Your task is to count the lines of the entries below that include the word "range" and to give only the resulting number.

(Beginning of Exercise data)

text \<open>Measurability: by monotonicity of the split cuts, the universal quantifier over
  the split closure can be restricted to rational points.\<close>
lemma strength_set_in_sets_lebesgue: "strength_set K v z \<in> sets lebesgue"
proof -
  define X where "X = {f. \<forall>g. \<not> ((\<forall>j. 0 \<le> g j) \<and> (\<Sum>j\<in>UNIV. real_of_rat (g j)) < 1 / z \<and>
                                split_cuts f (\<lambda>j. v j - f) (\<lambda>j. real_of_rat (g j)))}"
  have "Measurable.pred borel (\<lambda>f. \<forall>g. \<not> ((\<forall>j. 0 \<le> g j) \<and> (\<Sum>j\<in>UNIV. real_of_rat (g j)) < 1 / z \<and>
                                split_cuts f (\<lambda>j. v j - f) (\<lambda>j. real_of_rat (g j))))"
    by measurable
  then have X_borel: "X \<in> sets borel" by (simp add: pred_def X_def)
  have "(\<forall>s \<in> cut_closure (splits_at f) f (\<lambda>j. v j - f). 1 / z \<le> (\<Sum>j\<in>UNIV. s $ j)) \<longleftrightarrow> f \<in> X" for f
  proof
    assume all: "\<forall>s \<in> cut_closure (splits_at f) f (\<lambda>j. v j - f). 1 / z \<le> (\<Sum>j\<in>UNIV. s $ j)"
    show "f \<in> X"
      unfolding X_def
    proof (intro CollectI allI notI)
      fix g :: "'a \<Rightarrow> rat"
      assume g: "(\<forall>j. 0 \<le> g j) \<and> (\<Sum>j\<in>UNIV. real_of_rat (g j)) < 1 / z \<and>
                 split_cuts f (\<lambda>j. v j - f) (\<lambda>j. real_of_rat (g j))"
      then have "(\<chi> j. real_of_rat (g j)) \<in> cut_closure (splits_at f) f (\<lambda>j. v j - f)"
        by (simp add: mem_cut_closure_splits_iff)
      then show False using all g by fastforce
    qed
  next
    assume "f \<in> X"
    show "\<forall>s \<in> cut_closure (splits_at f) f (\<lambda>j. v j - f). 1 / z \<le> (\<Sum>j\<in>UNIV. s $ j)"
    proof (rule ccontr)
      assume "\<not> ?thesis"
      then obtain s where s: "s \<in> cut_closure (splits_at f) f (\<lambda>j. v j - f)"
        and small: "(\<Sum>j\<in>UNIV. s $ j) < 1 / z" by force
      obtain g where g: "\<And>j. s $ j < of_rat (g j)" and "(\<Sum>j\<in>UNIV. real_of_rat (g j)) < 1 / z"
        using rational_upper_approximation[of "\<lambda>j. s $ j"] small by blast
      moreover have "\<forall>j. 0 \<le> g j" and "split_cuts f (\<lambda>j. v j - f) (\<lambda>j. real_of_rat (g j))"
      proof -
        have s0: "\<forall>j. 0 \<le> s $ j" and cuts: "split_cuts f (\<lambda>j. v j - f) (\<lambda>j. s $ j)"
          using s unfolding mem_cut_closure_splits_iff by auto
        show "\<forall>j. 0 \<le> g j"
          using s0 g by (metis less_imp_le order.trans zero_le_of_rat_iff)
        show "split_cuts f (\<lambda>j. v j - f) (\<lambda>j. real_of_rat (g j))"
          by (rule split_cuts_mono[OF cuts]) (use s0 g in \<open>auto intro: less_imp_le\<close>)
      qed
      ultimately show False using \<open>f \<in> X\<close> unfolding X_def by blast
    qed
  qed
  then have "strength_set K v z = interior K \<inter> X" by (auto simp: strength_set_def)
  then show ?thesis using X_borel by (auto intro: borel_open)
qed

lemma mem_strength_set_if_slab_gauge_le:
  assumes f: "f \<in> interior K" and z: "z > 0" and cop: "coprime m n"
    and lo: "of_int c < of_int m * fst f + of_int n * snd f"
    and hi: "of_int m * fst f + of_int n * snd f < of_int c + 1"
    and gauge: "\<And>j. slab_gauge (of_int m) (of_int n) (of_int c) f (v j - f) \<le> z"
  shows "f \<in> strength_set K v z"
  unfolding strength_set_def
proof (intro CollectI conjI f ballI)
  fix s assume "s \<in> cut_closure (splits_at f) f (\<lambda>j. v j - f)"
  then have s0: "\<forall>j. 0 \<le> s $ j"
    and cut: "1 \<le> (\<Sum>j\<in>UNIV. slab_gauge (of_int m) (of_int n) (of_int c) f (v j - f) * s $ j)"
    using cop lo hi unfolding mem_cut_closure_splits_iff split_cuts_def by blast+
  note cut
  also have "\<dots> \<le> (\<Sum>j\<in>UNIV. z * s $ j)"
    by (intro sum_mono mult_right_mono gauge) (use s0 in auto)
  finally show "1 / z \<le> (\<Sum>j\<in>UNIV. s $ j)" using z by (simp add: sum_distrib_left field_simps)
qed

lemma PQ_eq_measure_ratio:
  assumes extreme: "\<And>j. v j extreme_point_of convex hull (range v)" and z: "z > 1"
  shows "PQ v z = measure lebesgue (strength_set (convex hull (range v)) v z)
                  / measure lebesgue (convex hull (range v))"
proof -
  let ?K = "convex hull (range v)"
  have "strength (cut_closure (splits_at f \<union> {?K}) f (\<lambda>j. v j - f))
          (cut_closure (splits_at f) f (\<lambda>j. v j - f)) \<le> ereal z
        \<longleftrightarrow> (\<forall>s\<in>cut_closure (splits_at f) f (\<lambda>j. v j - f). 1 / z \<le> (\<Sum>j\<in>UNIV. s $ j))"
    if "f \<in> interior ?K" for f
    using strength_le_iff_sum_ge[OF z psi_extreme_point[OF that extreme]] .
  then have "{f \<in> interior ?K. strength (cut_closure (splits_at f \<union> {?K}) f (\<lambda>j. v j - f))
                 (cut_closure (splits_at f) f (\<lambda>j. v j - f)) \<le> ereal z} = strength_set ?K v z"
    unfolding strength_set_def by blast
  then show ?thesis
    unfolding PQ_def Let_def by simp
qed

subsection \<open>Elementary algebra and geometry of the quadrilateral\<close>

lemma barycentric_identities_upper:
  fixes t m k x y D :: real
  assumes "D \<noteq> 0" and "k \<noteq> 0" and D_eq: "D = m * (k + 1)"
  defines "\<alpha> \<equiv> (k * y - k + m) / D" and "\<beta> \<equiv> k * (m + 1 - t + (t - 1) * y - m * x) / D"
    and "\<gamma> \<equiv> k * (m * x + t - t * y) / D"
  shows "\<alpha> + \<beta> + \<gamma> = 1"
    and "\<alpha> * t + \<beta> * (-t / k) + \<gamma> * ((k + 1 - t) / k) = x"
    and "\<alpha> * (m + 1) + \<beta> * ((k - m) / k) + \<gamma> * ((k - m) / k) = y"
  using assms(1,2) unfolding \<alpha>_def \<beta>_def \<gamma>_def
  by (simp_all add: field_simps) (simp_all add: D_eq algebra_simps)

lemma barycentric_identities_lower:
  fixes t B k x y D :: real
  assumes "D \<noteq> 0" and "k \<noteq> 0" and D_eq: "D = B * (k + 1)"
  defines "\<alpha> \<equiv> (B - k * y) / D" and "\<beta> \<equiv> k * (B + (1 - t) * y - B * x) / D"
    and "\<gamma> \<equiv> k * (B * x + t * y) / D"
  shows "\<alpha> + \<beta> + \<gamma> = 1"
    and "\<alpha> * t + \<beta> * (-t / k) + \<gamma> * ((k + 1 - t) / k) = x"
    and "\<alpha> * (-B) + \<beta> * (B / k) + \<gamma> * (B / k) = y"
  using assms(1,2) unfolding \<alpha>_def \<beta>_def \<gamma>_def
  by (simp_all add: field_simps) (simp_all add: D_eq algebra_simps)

(End of Exercise data)

Result – 4